* Assignment: Print, in exact form, the lines below from the one containing "l0. A $ (k0, True)" through the one containing "using assms unfolding", and omit all others.

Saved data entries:

-- Opening Marker --

lemma weighted_dist_le_in_box:
  assumes "step_certificate d B q B'" "in_box B x" "in_box B y" "0 < \<rho>"
  shows "weighted_dist_le \<rho> x y (max 1 (1 / \<rho>))"
proof -
  obtain l1 u1 l2 u2 e where B: "B = (l1, u1, l2, u2, e)"
    by (cases B) auto
  obtain a b c g h where q: "q = (a, b, c, g, h)"
    by (cases q) auto
  obtain l1' u1' l2' u2' e' where B': "B' = (l1', u1', l2', u2', e')"
    by (cases B') auto
  have unit: "0 \<le> z n \<and> z n \<le> 1" if "in_box B z" "1 \<le> n" for z n
  proof -
    consider "n = 1" | "n = 2" | "3 \<le> n"
      using \<open>1 \<le> n\<close> by linarith
    thus ?thesis
      using assms(1) that unfolding B q B' by cases auto
  qed
  have "\<bar>x n - y n\<bar> \<le> 1" if "1 \<le> n" for n
    using unit[OF assms(2) that] unit[OF assms(3) that] by (simp add: abs_le_iff)
  moreover have "1 \<le> \<rho> * max 1 (1 / \<rho>)"
    using \<open>0 < \<rho>\<close> by (simp add: max_def field_simps)
  ultimately show ?thesis
    unfolding weighted_dist_le_def by (meson le_max_iff_disj one_le_numeral order.trans order_refl)
qed
lemma eventually_inf_conv_ge:
  fixes G :: "real \<Rightarrow> real ^ 'd \<Rightarrow> real"
  assumes LC: "\<And>y z. ((\<lambda>(u, v). G u v) \<longlongrightarrow> G y z) (at (y, z) within {..<y} \<times> UNIV)"
    and RL: "ereal (G y0 z0) \<le> Liminf (at (y0, z0) within {y0<..} \<times> UNIV) (\<lambda>(u, v). ereal (G u v))"
    and B: "\<And>u v. \<bar>G u v\<bar> \<le> \<phi> + C * (\<bar>u\<bar> + norm v powr \<alpha>)"
    and "0 < C" "0 < \<alpha>" "\<alpha> \<le> 1" and yy: "yy \<longlonglongrightarrow> y0" and zz: "zz \<longlonglongrightarrow> z0" and "e > 0"
  shows "\<forall>\<^sub>F n in sequentially. ereal (G y0 z0 - e) \<le> inf_conv C \<alpha> G n (yy n) (zz n)"
proof -
  obtain \<delta> where "\<delta> > 0"
    and near: "\<And>u v. \<bar>u - y0\<bar> < \<delta> \<Longrightarrow> norm (v - z0) < \<delta> \<Longrightarrow> G y0 z0 - e < G u v"
    using lower_semicontinuous_one_sided[OF LC RL \<open>e > 0\<close>] by blast
  define m where "m = min (\<delta> / 2) ((\<delta> / 2) powr \<alpha>)"
  define A where "A = \<phi> + C * (\<bar>y0\<bar> + 1 + (norm z0 + 1) powr \<alpha>) + \<bar>G y0 z0\<bar>"
  have "m > 0" using \<open>\<delta> > 0\<close> by (simp add: m_def)
  \<comment> \<open>\<open>N\<close> makes the penalty \<open>(n - 1) C m\<close> paid by points outside the \<open>\<delta>\<close>-box dominate the
    growth bound near \<open>(y\<^sub>0, z\<^sub>0)\<close>.\<close>
  obtain N :: nat where N: "A / (C * m) + 1 \<le> real N" "1 \<le> N"
    using real_arch_simple[of "max (A / (C * m) + 1) 1"] by auto
  let ?r = "min (\<delta> / 2) 1"
  have "?r > 0"
    using \<open>\<delta> > 0\<close> by simp
  then have "\<forall>\<^sub>F n in sequentially. dist (yy n) y0 < ?r" "\<forall>\<^sub>F n in sequentially. dist (zz n) z0 < ?r"
    using yy zz unfolding tendsto_iff by blast+
  with eventually_ge_at_top[of N]
  show ?thesis
  proof eventually_elim
    case (elim n)
    then have yn: "\<bar>yy n - y0\<bar> < \<delta> / 2" "\<bar>yy n\<bar> \<le> \<bar>y0\<bar> + 1"
      and zn: "norm (zz n - z0) < \<delta> / 2" "norm (zz n) \<le> norm z0 + 1"
      using norm_triangle_sub[of "zz n" z0] by (auto simp: dist_real_def dist_norm)
    have "A / (C * m) \<le> real n - 1"
      using N(1) elim(1) by linarith
    then have A_le: "A \<le> (real n - 1) * C * m"
      using \<open>0 < C\<close> \<open>m > 0\<close> by (simp add: pos_divide_le_eq mult.assoc)
    have "G y0 z0 - e \<le> G u v + real n * C * hdist \<alpha> (yy n) (zz n) u v" for u v
    proof (cases "\<bar>u - y0\<bar> < \<delta> \<and> norm (v - z0) < \<delta>")
      case True
      then show ?thesis
        using near[of u v] \<open>0 < C\<close> hdist_nonneg[of \<alpha> "yy n" "zz n" u v]
        by (smt (verit) mult_nonneg_nonneg of_nat_0_le_iff)
    next
      case False
      have "norm (zz n) powr \<alpha> \<le> (norm z0 + 1) powr \<alpha>"
        using zn(2) \<open>0 < \<alpha>\<close> by (intro powr_mono2) auto
      then have "C * (\<bar>yy n\<bar> + norm (zz n) powr \<alpha>) \<le> C * (\<bar>y0\<bar> + 1 + (norm z0 + 1) powr \<alpha>)"
        using yn(2) \<open>0 < C\<close> by (intro mult_left_mono) auto
      with A_le have "\<phi> + C * (\<bar>yy n\<bar> + norm (zz n) powr \<alpha>) + \<bar>G y0 z0\<bar> \<le> (real n - 1) * C * m"
        unfolding A_def by linarith
      moreover have "m \<le> hdist \<alpha> (yy n) (zz n) u v"
        unfolding m_def using hdist_ge_if_far[OF \<open>\<delta> > 0\<close> \<open>0 < \<alpha>\<close> yn(1) zn(1) False] .
      ultimately have "\<bar>G y0 z0\<bar> \<le> G u v + real n * C * hdist \<alpha> (yy n) (zz n) u v"
        using elim(1) N(2)
        by (intro penalty_dominates_growth_bound[where G = G and u = u and v = v,
              OF B \<open>0 < C\<close> \<open>0 < \<alpha>\<close> \<open>\<alpha> \<le> 1\<close>]) auto
      then show ?thesis
        using \<open>e > 0\<close> by linarith
    qed
    then show ?case
      unfolding inf_conv_def by (auto intro: INF_greatest)
  qed
qed
lemma real_gsuperchannel_cases:
  assumes "real_gsuperchannel (A, Or, Y, db)"
  obtains (momentum_rows_zero) "\<And>k i. A $ (k, True) $ i = 0"
    | (block_diagonal) "block_diagonal A" and "block_diagonal Or"
proof (cases "\<exists>k0 l0. A $ (k0, True) $ (l0, True) \<noteq> 0")
  case True
  then obtain k0 l0 where kl: "A $ (k0, True) $ (l0, True) \<noteq> 0" by blast
  have "orthogonal_matrix Or"
    using assms unfolding real_gsuperchannel_def gsuperchannel_def orthogonal_matrix_def
    by (auto simp: matrix_left_right_inverse)
  then have "Or $ (k, True) $ (l, False) = 0" for k l
    by (rule orthogonal_matrix_block_triangular_imp_diagonal[where X = "{i. \<not> snd i}"])
      (auto simp: real_gsuperchannel_pre_position_momentum[OF assms kl])
  then show ?thesis
    using block_diagonal real_gsuperchannel_pre_position_momentum[OF assms kl]
      real_gsuperchannel_momentum_block[OF assms kl] real_gsuperchannel_momentum_position[OF assms]
    unfolding block_diagonal_def by blast
next
  case False
  have "A $ (k, True) $ i = 0" for k i
  proof (cases i)
    case (Pair l b)
    then show ?thesis
      using False real_gsuperchannel_momentum_position[OF assms] by (cases b) auto
  qed
  then show ?thesis by (rule momentum_rows_zero)
qed

lemma imaginarity_measure_nonneg:
  "imaginarity_measure IG \<Longrightarrow> gaussian_state \<rho> \<Longrightarrow> 0 \<le> IG \<rho>"
  unfolding imaginarity_measure_def by blast

lemma imaginarity_measure_eq_0_iff:
  "imaginarity_measure IG \<Longrightarrow> gaussian_state \<rho> \<Longrightarrow> IG \<rho> = 0 \<longleftrightarrow> real_gstate \<rho>"
  unfolding imaginarity_measure_def by blast

lemma imaginarity_measure_mono:
  "imaginarity_measure IG \<Longrightarrow> real_gchannel \<phi> \<Longrightarrow> gaussian_state \<rho> \<Longrightarrow> IG (apply_ch \<phi> \<rho>) \<le> IG \<rho>"
  unfolding imaginarity_measure_def by blast

lemma IGC_s_upper:
  "gaussian_state \<rho> \<Longrightarrow> real_gstate \<rho> \<Longrightarrow> ereal (IG (apply_ch \<phi> \<rho>)) \<le> IGC_s IG \<phi>"
  unfolding IGC_s_def by (rule SUP_upper) simp

lemma IGC_s_nonneg:
  fixes IG :: "'n::finite gstate \<Rightarrow> real"
  assumes "imaginarity_measure IG" and "gchannel \<phi>"
  shows "0 \<le> IGC_s IG \<phi>"
proof -
  have "0 \<le> ereal (IG (apply_ch \<phi> (0, mat 1)))"
    using assms by (simp add: imaginarity_measure_nonneg gaussian_state_apply_ch gaussian_state_vacuum)
  also have "\<dots> \<le> IGC_s IG \<phi>"
    by (intro IGC_s_upper gaussian_state_vacuum real_gstate_vacuum) simp
  finally show ?thesis .
qed

lemma IGC_s_eq_0_iff:
  fixes IG :: "'n::finite gstate \<Rightarrow> real"
  assumes IG: "imaginarity_measure IG" and "gchannel \<phi>"
  shows "IGC_s IG \<phi> = 0 \<longleftrightarrow> real_gchannel \<phi>"
proof -
  have "IGC_s IG \<phi> = 0 \<longleftrightarrow> IGC_s IG \<phi> \<le> 0"
    using IGC_s_nonneg[OF assms] by auto
  also have "\<dots> \<longleftrightarrow> (\<forall>\<rho>. gaussian_state \<rho> \<and> real_gstate \<rho> \<longrightarrow> IG (apply_ch \<phi> \<rho>) \<le> 0)"
    unfolding IGC_s_def SUP_le_iff by (simp add: zero_ereal_def)
  also have "\<dots> \<longleftrightarrow> (\<forall>\<rho>. gaussian_state \<rho> \<and> real_gstate \<rho> \<longrightarrow> real_gstate (apply_ch \<phi> \<rho>))"
  proof -
    have "IG (apply_ch \<phi> \<rho>) \<le> 0 \<longleftrightarrow> real_gstate (apply_ch \<phi> \<rho>)" if "gaussian_state \<rho>" for \<rho>
    proof -
      have "gaussian_state (apply_ch \<phi> \<rho>)"
        using \<open>gchannel \<phi>\<close> that by (rule gaussian_state_apply_ch)
      then have "0 \<le> IG (apply_ch \<phi> \<rho>)" and "IG (apply_ch \<phi> \<rho>) = 0 \<longleftrightarrow> real_gstate (apply_ch \<phi> \<rho>)"
        by (rule imaginarity_measure_nonneg[OF IG], rule imaginarity_measure_eq_0_iff[OF IG])
      then show ?thesis by (metis order.antisym order.refl)
    qed
    then show ?thesis by auto
  qed
  also have "\<dots> \<longleftrightarrow> real_gchannel \<phi>"
    using \<open>gchannel \<phi>\<close> unfolding real_gchannel_def by blast
  finally show ?thesis .
qed

lemma IGC_s_apply_super_le:
  fixes IG :: "'n::finite gstate \<Rightarrow> real"
  assumes IG: "imaginarity_measure IG" and "real_gsuperchannel \<Phi>" and "gchannel \<phi>"
  shows "IGC_s IG (apply_super \<Phi> \<phi>) \<le> IGC_s IG \<phi>"
proof -
  obtain A Or Y db where \<Phi>: "\<Phi> = (A, Or, Y, db)" by (cases \<Phi>) auto
  let ?\<phi>\<^sub>1 = "((Sigma :: 'n rmat) ** transpose Or ** Sigma, 0 :: 'n rmat, 0 :: 'n rvec)"
  have real_super: "real_gsuperchannel (A, Or, Y, db)" using assms(2) \<Phi> by simp
  then have super: "gsuperchannel (A, Or, Y, db)" by (simp add: real_gsuperchannel_def)
  have \<phi>\<^sub>1: "gchannel ?\<phi>\<^sub>1" using super by (rule gsuperchannel_pre_gchannel)
  have \<phi>\<^sub>2: "gchannel (A, Y, db)" using super by (rule gsuperchannel_post_gchannel)
  note noise = real_gsuperchannel_noise_position_momentum[OF real_super]
    and displacement = real_gsuperchannel_displacement[OF real_super]
  have "ereal (IG (apply_ch (apply_super \<Phi> \<phi>) \<rho>)) \<le> IGC_s IG \<phi>"
    if \<rho>: "gaussian_state \<rho>" "real_gstate \<rho>" for \<rho>
  proof -
    let ?X = "apply_ch \<phi> (apply_ch ?\<phi>\<^sub>1 \<rho>)"
    have out: "apply_ch (apply_super \<Phi> \<phi>) \<rho> = apply_ch (A, Y, db) ?X"
      unfolding \<Phi> by (rule apply_ch_apply_super)
    have X: "gaussian_state ?X"
      using \<open>gchannel \<phi>\<close> gaussian_state_apply_ch[OF \<phi>\<^sub>1 \<rho>(1)] by (rule gaussian_state_apply_ch)
    have out_gaussian: "gaussian_state (apply_ch (A, Y, db) ?X)"
      using \<phi>\<^sub>2 X by (rule gaussian_state_apply_ch)
    from real_super show ?thesis
    proof (cases rule: real_gsuperchannel_cases)
      case momentum_rows_zero
      then have "real_gstate (apply_ch (A, Y, db) ?X)"
        using displacement noise by (rule real_gstate_apply_ch_if_momentum_rows_zero)
      then have "IG (apply_ch (apply_super \<Phi> \<phi>) \<rho>) = 0"
        unfolding out using imaginarity_measure_eq_0_iff[OF IG out_gaussian] by simp
      then show ?thesis using IGC_s_nonneg[OF IG \<open>gchannel \<phi>\<close>] by (simp add: zero_ereal_def)
    next
      case block_diagonal
      have "real_gchannel ?\<phi>\<^sub>1"
        using \<phi>\<^sub>1 block_diagonal_Sigma_transpose_Sigma[OF \<open>block_diagonal Or\<close>]
        by (rule real_gchannel_if_block_diagonal) simp_all
      then have "real_gstate (apply_ch ?\<phi>\<^sub>1 \<rho>)"
        using \<rho> unfolding real_gchannel_def by blast
      have "real_gchannel (A, Y, db)"
        using \<phi>\<^sub>2 \<open>block_diagonal A\<close> displacement noise by (rule real_gchannel_if_block_diagonal)
      then have "IG (apply_ch (apply_super \<Phi> \<phi>) \<rho>) \<le> IG ?X"
        unfolding out using X by (rule imaginarity_measure_mono[OF IG])
      then have "ereal (IG (apply_ch (apply_super \<Phi> \<phi>) \<rho>)) \<le> ereal (IG ?X)"
        by simp
      also have "\<dots> \<le> IGC_s IG \<phi>"
        using gaussian_state_apply_ch[OF \<phi>\<^sub>1 \<rho>(1)] \<open>real_gstate (apply_ch ?\<phi>\<^sub>1 \<rho>)\<close>
        by (rule IGC_s_upper)
      finally show ?thesis .
    qed
  qed
  then show ?thesis
    unfolding IGC_s_def[of IG "apply_super \<Phi> \<phi>"] by (auto intro: SUP_least)
qed

theorem theorem3:
  fixes IG :: "'n::finite gstate \<Rightarrow> real"
  assumes "imaginarity_measure IG"
  shows "(\<forall>\<phi>. gchannel \<phi> \<longrightarrow>
            IGC_s IG \<phi> \<ge> 0 \<and> (IGC_s IG \<phi> = 0 \<longleftrightarrow> real_gchannel \<phi>)) \<and>
         (\<forall>\<Phi> \<phi>. real_gsuperchannel \<Phi> \<and> gchannel \<phi> \<longrightarrow>
            IGC_s IG (apply_super \<Phi> \<phi>) \<le> IGC_s IG \<phi>)"
proof (intro conjI allI impI)
  fix \<phi> :: "'n gchan"
  assume "gchannel \<phi>"
  then show "0 \<le> IGC_s IG \<phi>" and "IGC_s IG \<phi> = 0 \<longleftrightarrow> real_gchannel \<phi>"
    by (rule IGC_s_nonneg[OF assms], rule IGC_s_eq_0_iff[OF assms])
next
  fix \<Phi> :: "'n gsuper" and \<phi> :: "'n gchan"
  assume "real_gsuperchannel \<Phi> \<and> gchannel \<phi>"
  then show "IGC_s IG (apply_super \<Phi> \<phi>) \<le> IGC_s IG \<phi>"
    using IGC_s_apply_super_le[OF assms] by blast
qed

end
lemma antidiff_step:
  assumes "k \<in> {1..n}"
  shows "antidiff x k - antidiff x (k - 1) = x k"
proof (cases "j < k")
  case True
  show ?thesis
  proof (cases "j < k - 1")
    case True
    then have "{Suc j..k} = insert k {Suc j..k - 1}" using assms by auto
    then show ?thesis using True \<open>j < k\<close> by (simp add: antidiff_def)
  next
    case False
    then have "k = Suc j" using True by simp
    then show ?thesis by (simp add: antidiff_def)
  qed
next
  case False
  then have "{k..j} = insert k {Suc k..j}" and "Suc (k - 1) = k" using assms by auto
  then show ?thesis using False by (simp add: antidiff_def)
qed

lemma antidiff_unique:
  assumes "M j = 0" and "\<And>k. k \<in> {1..n} \<Longrightarrow> x k = M k - M (k - 1)" and "e \<le> n"
  shows "antidiff x e = M e"
proof -
  define D where "D e = antidiff x e - M e" for e
  have "D (Suc k) = D k" if "Suc k \<le> n" for k
    using antidiff_step[of "Suc k" x] assms(2)[of "Suc k"] that by (simp add: D_def)
  then have const: "D k = D 0" if "k \<le> n" for k
    using that by (induction k) auto
  have "D e = D j" using const[OF assms(3)] const[OF j] by simp
  then show ?thesis using assms(1) by (simp add: D_def antidiff_at_j)
qed

lemma antidiff_restrict: "e \<le> n \<Longrightarrow> antidiff (restrict x {1..n}) e = antidiff x e"
  using j unfolding antidiff_def by (auto intro!: sum.cong)

lemma bij_coord_edge: "bij_betw coord_edge {1..n} edges"
proof (rule bij_betwI[where g = "\<lambda>e. if e < j then Suc e else e"])
  show "coord_edge \<in> {1..n} \<rightarrow> edges" using j by (auto simp: coord_edge_def split: if_splits)
  show "(\<lambda>e. if e < j then Suc e else e) \<in> edges \<rightarrow> {1..n}" using j by auto
qed (auto simp: coord_edge_def)

lemma coord_edge_in: "c \<in> {1..n} \<Longrightarrow> coord_edge c \<in> edges"
  using bij_coord_edge bij_betwE by blast

lemma sum_edges_reindex: "sum f edges = (\<Sum>c\<in>{1..n}. f (coord_edge c))"
  using sum.reindex_bij_betw[OF bij_coord_edge, of f] by simp

lemma simplex_coords_combination:
  assumes "c \<in> {1..n}"
  shows "simplex_coords (restrict (\<lambda>k. \<Sum>e\<in>edges. l e * signed_edge_vec e k) {1..n}) c = l (coord_edge c)"
proof -
  define M where "M e = (if e = j then 0 else \<sigma> e * l e)" for e
  have "(\<Sum>e\<in>edges. l e * signed_edge_vec e k) = M k - M (k - 1)" if "k \<in> {1..n}" for k
  proof -
    have "(\<Sum>e\<in>edges. l e * signed_edge_vec e k) = (\<Sum>e\<in>edges. M e * edge_vec N e k)"
      by (intro sum.cong) (auto simp: M_def signed_edge_vec_def)
    then show ?thesis using sum_edge_vec[OF that, of M] by (simp add: M_def)
  qed
  then have "antidiff (\<lambda>k. \<Sum>e\<in>edges. l e * signed_edge_vec e k) e = M e" if "e \<le> n" for e
    using that by (intro antidiff_unique) (auto simp: M_def)
  moreover have "coord_edge c \<in> edges" using coord_edge_in[OF assms] .
  ultimately show ?thesis
    using assms sign_sq[of "coord_edge c"] antidiff_restrict[of "coord_edge c"]
    by (simp add: simplex_coords_def M_def mult.assoc[symmetric])
qed

lemma combination_simplex_coords:
  assumes "z \<in> space lebn"
  shows "restrict (\<lambda>k. \<Sum>e\<in>edges. (\<sigma> e * antidiff z e) * signed_edge_vec e k) {1..n} = z"
proof
  fix k
  show "restrict (\<lambda>k. \<Sum>e\<in>edges. (\<sigma> e * antidiff z e) * signed_edge_vec e k) {1..n} k = z k"
  proof (cases "k \<in> {1..n}")
    case True
    have "(\<Sum>e\<in>edges. (\<sigma> e * antidiff z e) * signed_edge_vec e k) = (\<Sum>e\<in>edges. antidiff z e * edge_vec N e k)"
    proof (rule sum.cong[OF refl])
      fix e assume "e \<in> edges"
      have "\<sigma> e * antidiff z e * signed_edge_vec e k = (\<sigma> e * \<sigma> e) * (antidiff z e * edge_vec N e k)"
        by (simp add: signed_edge_vec_def mult_ac)
      then show "\<sigma> e * antidiff z e * signed_edge_vec e k = antidiff z e * edge_vec N e k"
        using sign_sq[OF \<open>e \<in> edges\<close>] by simp
    qed
    also have "\<dots> = z k"
      using sum_edge_vec[OF True, of "antidiff z"] antidiff_at_j antidiff_step[OF True] by simp
    finally show ?thesis using True by simp
  next
    case False
    then show ?thesis using assms by (auto simp: space_PiM PiE_def extensional_def)
  qed
qed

-- Closing Marker --

* Result of this task:
proof (cases "\<exists>k0 l0. A $ (k0, True) $ (l0, True) \<noteq> 0")
  case True
  then obtain k0 l0 where kl: "A $ (k0, True) $ (l0, True) \<noteq> 0" by blast
  have "orthogonal_matrix Or"
    using assms unfolding real_gsuperchannel_def gsuperchannel_def orthogonal_matrix_def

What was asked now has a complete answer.